• Work instruction:
Retrieve every line from the records in which the word "kvert" occurs.

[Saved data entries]
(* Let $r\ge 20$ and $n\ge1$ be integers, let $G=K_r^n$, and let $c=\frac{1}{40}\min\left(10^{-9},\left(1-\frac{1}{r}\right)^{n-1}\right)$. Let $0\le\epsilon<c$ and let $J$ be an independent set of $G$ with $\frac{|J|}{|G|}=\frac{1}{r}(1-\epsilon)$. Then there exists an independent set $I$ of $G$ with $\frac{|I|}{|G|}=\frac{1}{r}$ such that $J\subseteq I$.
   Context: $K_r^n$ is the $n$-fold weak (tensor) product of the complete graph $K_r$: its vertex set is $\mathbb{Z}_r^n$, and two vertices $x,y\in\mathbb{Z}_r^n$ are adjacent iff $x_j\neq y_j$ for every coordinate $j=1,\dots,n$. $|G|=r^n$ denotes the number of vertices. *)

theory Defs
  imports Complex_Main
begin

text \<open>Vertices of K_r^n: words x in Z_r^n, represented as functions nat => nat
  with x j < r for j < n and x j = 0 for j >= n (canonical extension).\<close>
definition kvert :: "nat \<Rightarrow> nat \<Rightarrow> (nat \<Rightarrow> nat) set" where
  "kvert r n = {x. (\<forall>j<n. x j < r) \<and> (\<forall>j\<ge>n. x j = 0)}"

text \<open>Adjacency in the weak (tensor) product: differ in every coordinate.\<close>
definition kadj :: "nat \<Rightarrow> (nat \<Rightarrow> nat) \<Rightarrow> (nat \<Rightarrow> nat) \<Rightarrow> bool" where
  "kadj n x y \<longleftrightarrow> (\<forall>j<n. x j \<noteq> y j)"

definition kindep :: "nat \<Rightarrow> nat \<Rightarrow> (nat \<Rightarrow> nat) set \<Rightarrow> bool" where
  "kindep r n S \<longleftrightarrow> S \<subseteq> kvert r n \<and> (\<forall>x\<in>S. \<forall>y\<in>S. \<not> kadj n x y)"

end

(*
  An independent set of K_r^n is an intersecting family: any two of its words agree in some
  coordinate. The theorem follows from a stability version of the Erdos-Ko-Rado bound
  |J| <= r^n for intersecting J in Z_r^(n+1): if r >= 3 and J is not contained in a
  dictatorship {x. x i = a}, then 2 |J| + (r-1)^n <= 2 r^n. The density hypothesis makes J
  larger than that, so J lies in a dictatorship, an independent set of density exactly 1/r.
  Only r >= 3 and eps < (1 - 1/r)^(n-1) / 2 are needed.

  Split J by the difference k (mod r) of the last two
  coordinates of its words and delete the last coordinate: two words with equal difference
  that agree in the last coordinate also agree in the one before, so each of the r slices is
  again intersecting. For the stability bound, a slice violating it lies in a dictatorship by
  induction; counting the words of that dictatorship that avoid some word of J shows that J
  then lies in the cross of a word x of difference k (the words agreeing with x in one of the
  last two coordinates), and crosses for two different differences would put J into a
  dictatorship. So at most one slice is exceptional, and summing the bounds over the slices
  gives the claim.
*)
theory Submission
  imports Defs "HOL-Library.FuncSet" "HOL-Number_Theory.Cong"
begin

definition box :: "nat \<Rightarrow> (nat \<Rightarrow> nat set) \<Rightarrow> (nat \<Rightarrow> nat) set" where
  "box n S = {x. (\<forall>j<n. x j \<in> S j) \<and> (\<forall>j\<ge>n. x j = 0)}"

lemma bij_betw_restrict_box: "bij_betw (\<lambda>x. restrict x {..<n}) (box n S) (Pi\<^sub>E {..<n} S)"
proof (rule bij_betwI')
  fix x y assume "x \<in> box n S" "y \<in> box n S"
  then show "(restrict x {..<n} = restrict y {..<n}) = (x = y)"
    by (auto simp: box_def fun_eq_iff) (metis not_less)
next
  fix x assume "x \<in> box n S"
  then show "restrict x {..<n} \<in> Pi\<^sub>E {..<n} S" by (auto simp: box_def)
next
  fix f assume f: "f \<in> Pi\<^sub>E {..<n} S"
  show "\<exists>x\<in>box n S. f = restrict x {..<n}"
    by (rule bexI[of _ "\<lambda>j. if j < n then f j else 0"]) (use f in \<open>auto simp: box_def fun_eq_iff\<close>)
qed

---

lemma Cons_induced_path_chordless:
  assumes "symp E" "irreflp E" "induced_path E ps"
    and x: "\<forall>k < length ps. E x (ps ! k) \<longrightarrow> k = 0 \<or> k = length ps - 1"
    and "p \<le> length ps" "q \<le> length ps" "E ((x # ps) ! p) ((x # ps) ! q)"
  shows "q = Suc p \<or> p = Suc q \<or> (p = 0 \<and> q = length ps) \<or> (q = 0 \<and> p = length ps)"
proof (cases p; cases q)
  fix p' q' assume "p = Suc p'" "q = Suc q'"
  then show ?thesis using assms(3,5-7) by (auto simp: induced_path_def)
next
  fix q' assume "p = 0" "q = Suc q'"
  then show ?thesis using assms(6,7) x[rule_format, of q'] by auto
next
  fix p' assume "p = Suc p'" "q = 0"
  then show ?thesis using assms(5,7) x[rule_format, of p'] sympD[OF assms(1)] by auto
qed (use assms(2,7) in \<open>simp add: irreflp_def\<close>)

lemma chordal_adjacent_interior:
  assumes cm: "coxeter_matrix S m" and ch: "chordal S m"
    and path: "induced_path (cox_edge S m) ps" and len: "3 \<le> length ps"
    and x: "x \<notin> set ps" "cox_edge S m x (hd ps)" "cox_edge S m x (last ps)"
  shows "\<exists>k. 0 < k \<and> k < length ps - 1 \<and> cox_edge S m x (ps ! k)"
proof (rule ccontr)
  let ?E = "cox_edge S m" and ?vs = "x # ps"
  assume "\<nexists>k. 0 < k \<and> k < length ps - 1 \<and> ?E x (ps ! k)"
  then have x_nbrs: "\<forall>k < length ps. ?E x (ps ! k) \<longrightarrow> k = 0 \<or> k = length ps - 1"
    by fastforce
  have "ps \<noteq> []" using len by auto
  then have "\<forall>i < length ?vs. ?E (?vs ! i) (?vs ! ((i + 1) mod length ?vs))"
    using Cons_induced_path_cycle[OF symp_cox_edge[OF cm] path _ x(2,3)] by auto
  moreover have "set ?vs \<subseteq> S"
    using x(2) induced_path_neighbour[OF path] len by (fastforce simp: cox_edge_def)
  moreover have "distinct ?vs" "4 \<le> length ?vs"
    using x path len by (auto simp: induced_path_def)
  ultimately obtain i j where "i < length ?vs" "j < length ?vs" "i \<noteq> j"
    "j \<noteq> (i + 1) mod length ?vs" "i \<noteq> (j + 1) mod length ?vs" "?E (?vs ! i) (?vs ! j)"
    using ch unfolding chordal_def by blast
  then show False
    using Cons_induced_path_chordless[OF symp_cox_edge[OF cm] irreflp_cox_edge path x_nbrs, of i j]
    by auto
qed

• Your solution:
definition kvert :: "nat \<Rightarrow> nat \<Rightarrow> (nat \<Rightarrow> nat) set" where
  "kvert r n = {x. (\<forall>j<n. x j < r) \<and> (\<forall>j\<ge>n. x j = 0)}"
  "kindep r n S \<longleftrightarrow> S \<subseteq> kvert r n \<and> (\<forall>x\<in>S. \<forall>y\<in>S. \<not> kadj n x y)"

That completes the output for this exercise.